Information Block Start
(* Let $\mathcal I$ be an ideal of a Poisson $n$-Lie algebra $\mathcal P$ of arbitrary dimension. Define $\mathcal I^{1)}=\mathcal I$, $\mathcal I^{k+1)}=\mathcal I^{k)}\cdot\mathcal I$, and $\mathcal I^{(1}=\mathcal I$, $\mathcal I^{(k+1}=[\mathcal I^{(k},\mathcal I,\mathcal P,\dots,\mathcal P]$ for $k\ge1$. Then for every $k\ge1$, $$\mathcal I^k\subseteq\sum_{r_1+\cdots+r_t=k}\mathcal I^{r_1)}\cdot\prod_{i=2}^t\mathcal I^{(r_i},$$ where the sum is over all $t\ge1$ and nonnegative integers $r_1,\dots,r_t$ with $r_1+\cdots+r_t=k$, and factors $\mathcal I^{0)}$, $\mathcal I^{(0}$ are understood to act trivially (multiplication by them leaves the other factor unchanged).
   Context: A Poisson $n$-Lie algebra is a commutative associative algebra $(\mathcal P,\cdot)$ with an $n$-linear skew-symmetric bracket satisfying the fundamental identity $[x_1,\dots,x_{n-1},[y_1,\dots,y_n]]=\sum_{i=1}^n[y_1,\dots,[x_1,\dots,x_{n-1},y_i],\dots,y_n]$ and the Leibniz rule $[y\cdot z,x_2,\dots,x_n]=y\cdot[z,x_2,\dots,x_n]+z\cdot[y,x_2,\dots,x_n]$. For subspaces, products and brackets denote linear spans. An ideal $\mathcal I$ satisfies $\mathcal P\cdot\mathcal I\subseteq\mathcal I$, $[\mathcal I,\mathcal P,\dots,\mathcal P]\subseteq\mathcal I$. Lower central series: $\mathcal I^1=\mathcal I$, $\mathcal I^{k+1}=[\mathcal I^k,\mathcal I,\mathcal P,\dots,\mathcal P]+\mathcal I^k\cdot\mathcal I$. *)

theory Defs
  imports Complex_Main
begin

text \<open>A Poisson n-Lie algebra over a field: the underlying vector space is the whole
type 'v (scalar multiplication scale), mul is the commutative associative bilinear
product, and br is the n-ary bracket, applied to lists of length n.\<close>

definition poisson_nlie ::
  "('k::field \<Rightarrow> 'v::ab_group_add \<Rightarrow> 'v) \<Rightarrow> ('v \<Rightarrow> 'v \<Rightarrow> 'v) \<Rightarrow> nat \<Rightarrow> ('v list \<Rightarrow> 'v) \<Rightarrow> bool" where
  "poisson_nlie scale mul n br \<longleftrightarrow>
     vector_space scale \<and>
     \<comment> \<open>bilinear, commutative, associative product\<close>
     (\<forall>x y z. mul (x + y) z = mul x z + mul y z) \<and>
     (\<forall>a x y. mul (scale a x) y = scale a (mul x y)) \<and>
     (\<forall>x y. mul x y = mul y x) \<and>
     (\<forall>x y z. mul (mul x y) z = mul x (mul y z)) \<and>
     \<comment> \<open>n-linear bracket\<close>
     (\<forall>xs i y z. length xs = n \<longrightarrow> i < n \<longrightarrow>
        br (xs[i := y + z]) = br (xs[i := y]) + br (xs[i := z])) \<and>
     (\<forall>xs i a y. length xs = n \<longrightarrow> i < n \<longrightarrow>
        br (xs[i := scale a y]) = scale a (br (xs[i := y]))) \<and>
     \<comment> \<open>skew-symmetric\<close>
     (\<forall>xs i j. length xs = n \<longrightarrow> i < n \<longrightarrow> j < n \<longrightarrow> i \<noteq> j \<longrightarrow>
        br (xs[i := xs ! j, j := xs ! i]) = - br xs) \<and>
     \<comment> \<open>fundamental identity\<close>
     (\<forall>xs ys. length xs = n - 1 \<longrightarrow> length ys = n \<longrightarrow>
        br (xs @ [br ys]) = (\<Sum>i<n. br (ys[i := br (xs @ [ys ! i])]))) \<and>
     \<comment> \<open>Leibniz rule\<close>
     (\<forall>y z xs. length xs = n - 1 \<longrightarrow>
        br (mul y z # xs) = mul y (br (z # xs)) + mul z (br (y # xs)))"

definition sp_mul :: "('k::field \<Rightarrow> 'v::ab_group_add \<Rightarrow> 'v) \<Rightarrow> ('v \<Rightarrow> 'v \<Rightarrow> 'v) \<Rightarrow> 'v set \<Rightarrow> 'v set \<Rightarrow> 'v set" where
  "sp_mul scale mul A B = module.span scale {mul a b | a b. a \<in> A \<and> b \<in> B}"

definition sp_br :: "('k::field \<Rightarrow> 'v::ab_group_add \<Rightarrow> 'v) \<Rightarrow> ('v list \<Rightarrow> 'v) \<Rightarrow> 'v set list \<Rightarrow> 'v set" where
  "sp_br scale br As = module.span scale {br xs | xs. list_all2 (\<in>) xs As}"

definition sp_sum :: "('k::field \<Rightarrow> 'v::ab_group_add \<Rightarrow> 'v) \<Rightarrow> 'v set \<Rightarrow> 'v set \<Rightarrow> 'v set" where
  "sp_sum scale A B = module.span scale (A \<union> B)"

definition is_ideal ::
  "('k::field \<Rightarrow> 'v::ab_group_add \<Rightarrow> 'v) \<Rightarrow> ('v \<Rightarrow> 'v \<Rightarrow> 'v) \<Rightarrow> nat \<Rightarrow> ('v list \<Rightarrow> 'v) \<Rightarrow> 'v set \<Rightarrow> bool" where
  "is_ideal scale mul n br I \<longleftrightarrow>
     module.subspace scale I \<and>
     sp_mul scale mul UNIV I \<subseteq> I \<and>
     sp_br scale br (I # replicate (n - 1) UNIV) \<subseteq> I"

text \<open>Lower central series I^k (k \<ge> 1; the value at 0 is irrelevant).\<close>
fun lcs :: "('k::field \<Rightarrow> 'v::ab_group_add \<Rightarrow> 'v) \<Rightarrow> ('v \<Rightarrow> 'v \<Rightarrow> 'v) \<Rightarrow> nat \<Rightarrow> ('v list \<Rightarrow> 'v) \<Rightarrow> 'v set \<Rightarrow> nat \<Rightarrow> 'v set" where
  "lcs scale mul n br I 0 = UNIV"
| "lcs scale mul n br I (Suc 0) = I"
| "lcs scale mul n br I (Suc (Suc k)) =
     sp_sum scale
       (sp_br scale br (lcs scale mul n br I (Suc k) # I # replicate (n - 2) UNIV))
       (sp_mul scale mul (lcs scale mul n br I (Suc k)) I)"

fun mpow :: "('k::field \<Rightarrow> 'v::ab_group_add \<Rightarrow> 'v) \<Rightarrow> ('v \<Rightarrow> 'v \<Rightarrow> 'v) \<Rightarrow> 'v set \<Rightarrow> nat \<Rightarrow> 'v set" where
  "mpow scale mul I 0 = UNIV"
| "mpow scale mul I (Suc 0) = I"
| "mpow scale mul I (Suc (Suc k)) = sp_mul scale mul (mpow scale mul I (Suc k)) I"

fun bpow :: "('k::field \<Rightarrow> 'v::ab_group_add \<Rightarrow> 'v) \<Rightarrow> nat \<Rightarrow> ('v list \<Rightarrow> 'v) \<Rightarrow> 'v set \<Rightarrow> nat \<Rightarrow> 'v set" where
  "bpow scale n br I 0 = UNIV"
| "bpow scale n br I (Suc 0) = I"
| "bpow scale n br I (Suc (Suc k)) =
     sp_br scale br (bpow scale n br I (Suc k) # I # replicate (n - 2) UNIV)"

text \<open>Left-to-right product of a nonempty list of subspaces (the value on [] is never used).\<close>
fun sp_prod :: "('k::field \<Rightarrow> 'v::ab_group_add \<Rightarrow> 'v) \<Rightarrow> ('v \<Rightarrow> 'v \<Rightarrow> 'v) \<Rightarrow> 'v set list \<Rightarrow> 'v set" where
  "sp_prod scale mul [] = UNIV"
| "sp_prod scale mul (A # As) = foldl (sp_mul scale mul) A As"

text \<open>The term I^{r_1)} \<cdot> \<Prod>_{i\<ge>2} I^{(r_i} for rs = [r_1,...,r_t]; factors with exponent 0
act trivially, i.e. they are omitted.\<close>
fun rterm :: "('k::field \<Rightarrow> 'v::ab_group_add \<Rightarrow> 'v) \<Rightarrow> ('v \<Rightarrow> 'v \<Rightarrow> 'v) \<Rightarrow> nat \<Rightarrow> ('v list \<Rightarrow> 'v) \<Rightarrow> 'v set \<Rightarrow> nat list \<Rightarrow> 'v set" where
  "rterm scale mul n br I [] = UNIV"
| "rterm scale mul n br I (r1 # rs) =
     sp_prod scale mul
       ((if r1 = 0 then [] else [mpow scale mul I r1]) @
        map (bpow scale n br I) (filter (\<lambda>r. r \<noteq> 0) rs))"

end

theory Submission
  imports Defs
begin

(* Every element of I^k is a linear combination of products x_1 ... x_t with x_i in I^{(r_i},
   r_i >= 1 and r_1 + ... + r_t = k; this is shown by induction on k. Multiplying such a product
   by an element of I appends a factor from I^{(1}. Bracketing it with an element of I and n - 2
   arbitrary further arguments gives, by the Leibniz rule, a sum of products in each of which
   exactly one factor x_i is replaced by its bracket, an element of I^{(r_i + 1}. *)

lemma (in module_hom) image_span_subset:
  assumes "f ` S \<subseteq> m2.span T"
  shows "f ` m1.span S \<subseteq> m2.span T"
  using assms by (metis span_image m2.span_minimal m2.subspace_span)

lemma list_all2_mem_replicate_UNIV:
  "list_all2 (\<in>) xs (replicate m UNIV) \<longleftrightarrow> length xs = m"
  by (auto simp: list_all2_conv_all_nth)

lemma list_all2_mem_Cons_Cons_replicate_UNIV:
  "list_all2 (\<in>) xs (A # B # replicate m UNIV) \<longleftrightarrow>
     (\<exists>a b ps. xs = a # b # ps \<and> a \<in> A \<and> b \<in> B \<and> length ps = m)"
  by (auto simp: list_all2_Cons2 list_all2_mem_replicate_UNIV)

lemma sp_prod_snoc:
  "As \<noteq> [] \<Longrightarrow> sp_prod scale mul (As @ [B]) = sp_mul scale mul (sp_prod scale mul As) B"
  by (cases As) simp_all

lemma (in vector_space) mul_mem_sp_mul:
  "a \<in> A \<Longrightarrow> b \<in> B \<Longrightarrow> mul a b \<in> sp_mul scale mul A B"
  unfolding sp_mul_def by (blast intro: span_base)

locale poisson_nlie_algebra =
  fixes scale :: "'k::field \<Rightarrow> 'v::ab_group_add \<Rightarrow> 'v"
    and mul :: "'v \<Rightarrow> 'v \<Rightarrow> 'v"
    and n :: nat
    and br :: "'v list \<Rightarrow> 'v"
  assumes poisson: "poisson_nlie scale mul n br"
    and two_le_n: "2 \<le> n"
begin

sublocale vector_space scale
  using poisson by (simp add: poisson_nlie_def)

lemma
  shows mul_add_left: "mul (x + y) z = mul x z + mul y z"
    and mul_scale_left: "mul (scale a x) y = scale a (mul x y)"
    and mul_commute: "mul x y = mul y x"
    and bracket_add: "length xs = n \<Longrightarrow> i < n \<Longrightarrow>
          br (xs[i := u + v]) = br (xs[i := u]) + br (xs[i := v])"
    and bracket_scale: "length xs = n \<Longrightarrow> i < n \<Longrightarrow>
          br (xs[i := scale a u]) = scale a (br (xs[i := u]))"
    and leibniz: "length xs = n - 1 \<Longrightarrow>
          br (mul y z # xs) = mul y (br (z # xs)) + mul z (br (y # xs))"
  using poisson unfolding poisson_nlie_def by (elim conjE; simp)+

lemma module_hom_mul_right: "module_hom scale scale (\<lambda>x. mul x y)"
  by (simp add: module_hom_def module_hom_axioms_def module_axioms mul_add_left mul_scale_left)

lemma module_hom_bracket_first:
  assumes "length xs = n - 1"
  shows "module_hom scale scale (\<lambda>x. br (x # xs))"
proof -
  have "length (x # xs) = n" "0 < n" for x
    using assms two_le_n by auto
  then show ?thesis
    using bracket_add[of "_ # xs" 0] bracket_scale[of "_ # xs" 0]
    by (simp add: module_hom_def module_hom_axioms_def module_axioms)
qed

lemma bracket_mem_bpow_Suc:
  assumes "0 < r" "x \<in> bpow scale n br I r" "i \<in> I" "length ps = n - 2"
  shows "br (x # i # ps) \<in> bpow scale n br I (Suc r)"
proof -
  obtain r' where "r = Suc r'"
    using assms(1) gr0_implies_Suc by blast
  then show ?thesis
    using assms by (auto simp: sp_br_def list_all2_mem_Cons_Cons_replicate_UNIV intro!: span_base)
qed

inductive bpow_monomial :: "'v set \<Rightarrow> nat \<Rightarrow> 'v \<Rightarrow> bool" for I where
  factor: "0 < r \<Longrightarrow> x \<in> bpow scale n br I r \<Longrightarrow> bpow_monomial I r x"
| mul: "bpow_monomial I m x \<Longrightarrow> 0 < r \<Longrightarrow> y \<in> bpow scale n br I r \<Longrightarrow>
          bpow_monomial I (m + r) (mul x y)"

lemma mul_mem_span_bpow_monomials:
  assumes "z \<in> span {x. bpow_monomial I m x}" "0 < r" "y \<in> bpow scale n br I r"
  shows "mul z y \<in> span {x. bpow_monomial I (m + r) x}"
proof -
  have "(\<lambda>x. mul x y) ` {x. bpow_monomial I m x} \<subseteq> span {x. bpow_monomial I (m + r) x}"
    using assms by (auto intro: span_base bpow_monomial.mul)
  then show ?thesis
    using module_hom.image_span_subset[OF module_hom_mul_right] assms(1) by blast
qed

lemma bracket_bpow_monomial_mem_span:
  assumes "bpow_monomial I m x" "i \<in> I" "length ps = n - 2"
  shows "br (x # i # ps) \<in> span {x. bpow_monomial I (Suc m) x}"
  using assms(1)
proof induction
  case (factor r x)
  then show ?case
    using assms by (auto intro: span_base bpow_monomial.factor bracket_mem_bpow_Suc)
next
  case (mul m x r y)
  have len: "length (i # ps) = n - 1"
    using assms(3) two_le_n by simp
  have "bpow_monomial I (m + Suc r) (mul x (br (y # i # ps)))"
    using mul assms by (intro bpow_monomial.mul bracket_mem_bpow_Suc) auto
  moreover have "mul (br (x # i # ps)) y \<in> span {x. bpow_monomial I (Suc m + r) x}"
    using mul by (intro mul_mem_span_bpow_monomials)
  ultimately show ?case
    by (simp add: leibniz[OF len] mul_commute[of y] span_add span_base)
qed

lemma bracket_mem_span_bpow_monomials:
  assumes "z \<in> span {x. bpow_monomial I m x}" "i \<in> I" "length ps = n - 2"
  shows "br (z # i # ps) \<in> span {x. bpow_monomial I (Suc m) x}"
proof -
  have "length (i # ps) = n - 1"
    using assms(3) two_le_n by simp
  moreover have
    "(\<lambda>x. br (x # i # ps)) ` {x. bpow_monomial I m x} \<subseteq> span {x. bpow_monomial I (Suc m) x}"
    using assms by (auto intro: bracket_bpow_monomial_mem_span)
  ultimately show ?thesis
    using module_hom.image_span_subset[OF module_hom_bracket_first] assms(1) by blast
qed

lemma lcs_subset_span_bpow_monomials:
  "lcs scale mul n br I (Suc m) \<subseteq> span {x. bpow_monomial I (Suc m) x}"
proof (induction m)
  case 0
  show ?case
    using bpow_monomial.factor[of "Suc 0" _ I] by (auto intro: span_base)
next
  case (Suc m)
  let ?L = "lcs scale mul n br I (Suc m)" and ?T = "span {x. bpow_monomial I (Suc (Suc m)) x}"
  have "sp_br scale br (?L # I # replicate (n - 2) UNIV) \<subseteq> ?T"
    unfolding sp_br_def using Suc
    by (intro span_minimal subspace_span)
      (auto simp: list_all2_mem_Cons_Cons_replicate_UNIV intro!: bracket_mem_span_bpow_monomials)
  moreover have "sp_mul scale mul ?L I \<subseteq> ?T"
    unfolding sp_mul_def using Suc mul_mem_span_bpow_monomials[where r=1]
    by (intro span_minimal subspace_span) auto
  ultimately show ?case
    by (simp add: sp_sum_def span_minimal)
qed

lemma bpow_monomial_mem_sp_prod:
  assumes "bpow_monomial I k x"
  shows "\<exists>rs. rs \<noteq> [] \<and> (\<forall>r\<in>set rs. 0 < r) \<and> sum_list rs = k \<and>
    x \<in> sp_prod scale mul (map (bpow scale n br I) rs)"
  using assms
proof induction
  case (factor r x)
  then show ?case
    by (intro exI[of _ "[r]"]) simp
next
  case (mul m x r y)
  then obtain rs where rs: "rs \<noteq> []" "\<forall>r\<in>set rs. 0 < r" "sum_list rs = m"
    and x: "x \<in> sp_prod scale mul (map (bpow scale n br I) rs)"
    by blast
  then have "mul x y \<in> sp_prod scale mul (map (bpow scale n br I) (rs @ [r]))"
    using mul.hyps(3) by (simp add: sp_prod_snoc mul_mem_sp_mul)
  with rs mul.hyps(2) show ?case
    by (intro exI[of _ "rs @ [r]"]) simp
qed

lemma bpow_monomial_mem_rterms:
  assumes "bpow_monomial I k x"
  shows "x \<in> \<Union>{rterm scale mul n br I rs | rs. rs \<noteq> [] \<and> sum_list rs = k}"
proof -
  obtain rs where rs: "\<forall>r\<in>set rs. 0 < r" "sum_list rs = k"
    and "x \<in> sp_prod scale mul (map (bpow scale n br I) rs)"
    using bpow_monomial_mem_sp_prod[OF assms] by blast
  moreover have "filter (\<lambda>r. r \<noteq> 0) rs = rs"
    using rs(1) by (simp add: filter_id_conv)
  ultimately have "x \<in> rterm scale mul n br I (0 # rs)"
    by simp
  moreover have "rterm scale mul n br I (0 # rs) \<in>
      {rterm scale mul n br I rs | rs. rs \<noteq> [] \<and> sum_list rs = k}"
    using rs(2) by (intro CollectI exI[of _ "0 # rs"]) simp
  ultimately show ?thesis
    by (rule UnionI[rotated])
qed

end

theorem lemma5p3:
  fixes scale :: "'k::field \<Rightarrow> 'v::ab_group_add \<Rightarrow> 'v"
    and mul :: "'v \<Rightarrow> 'v \<Rightarrow> 'v"
    and br :: "'v list \<Rightarrow> 'v"
    and n k :: nat
    and I :: "'v set"
  assumes "poisson_nlie scale mul n br"
    and "n \<ge> 2"
    and "is_ideal scale mul n br I"
    and "k \<ge> 1"
  shows "lcs scale mul n br I k \<subseteq>
    module.span scale (\<Union>{rterm scale mul n br I rs | rs. rs \<noteq> [] \<and> sum_list rs = k})"
proof -
  interpret poisson_nlie_algebra scale mul n br
    using assms(1,2) by (rule poisson_nlie_algebra.intro)
  obtain m where k: "k = Suc m"
    using assms(4) by (cases k) simp_all
  have "lcs scale mul n br I k \<subseteq> span {x. bpow_monomial I k x}"
    unfolding k by (rule lcs_subset_span_bpow_monomials)
  also have "\<dots> \<subseteq> span (\<Union>{rterm scale mul n br I rs | rs. rs \<noteq> [] \<and> sum_list rs = k})"
    using bpow_monomial_mem_rterms by (intro span_mono) blast
  finally show ?thesis .
qed

end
Information Block End
Exercise instructions >> Your answer should be a single number: the count of lines in the listing that hold "comment".

Your solution >> 5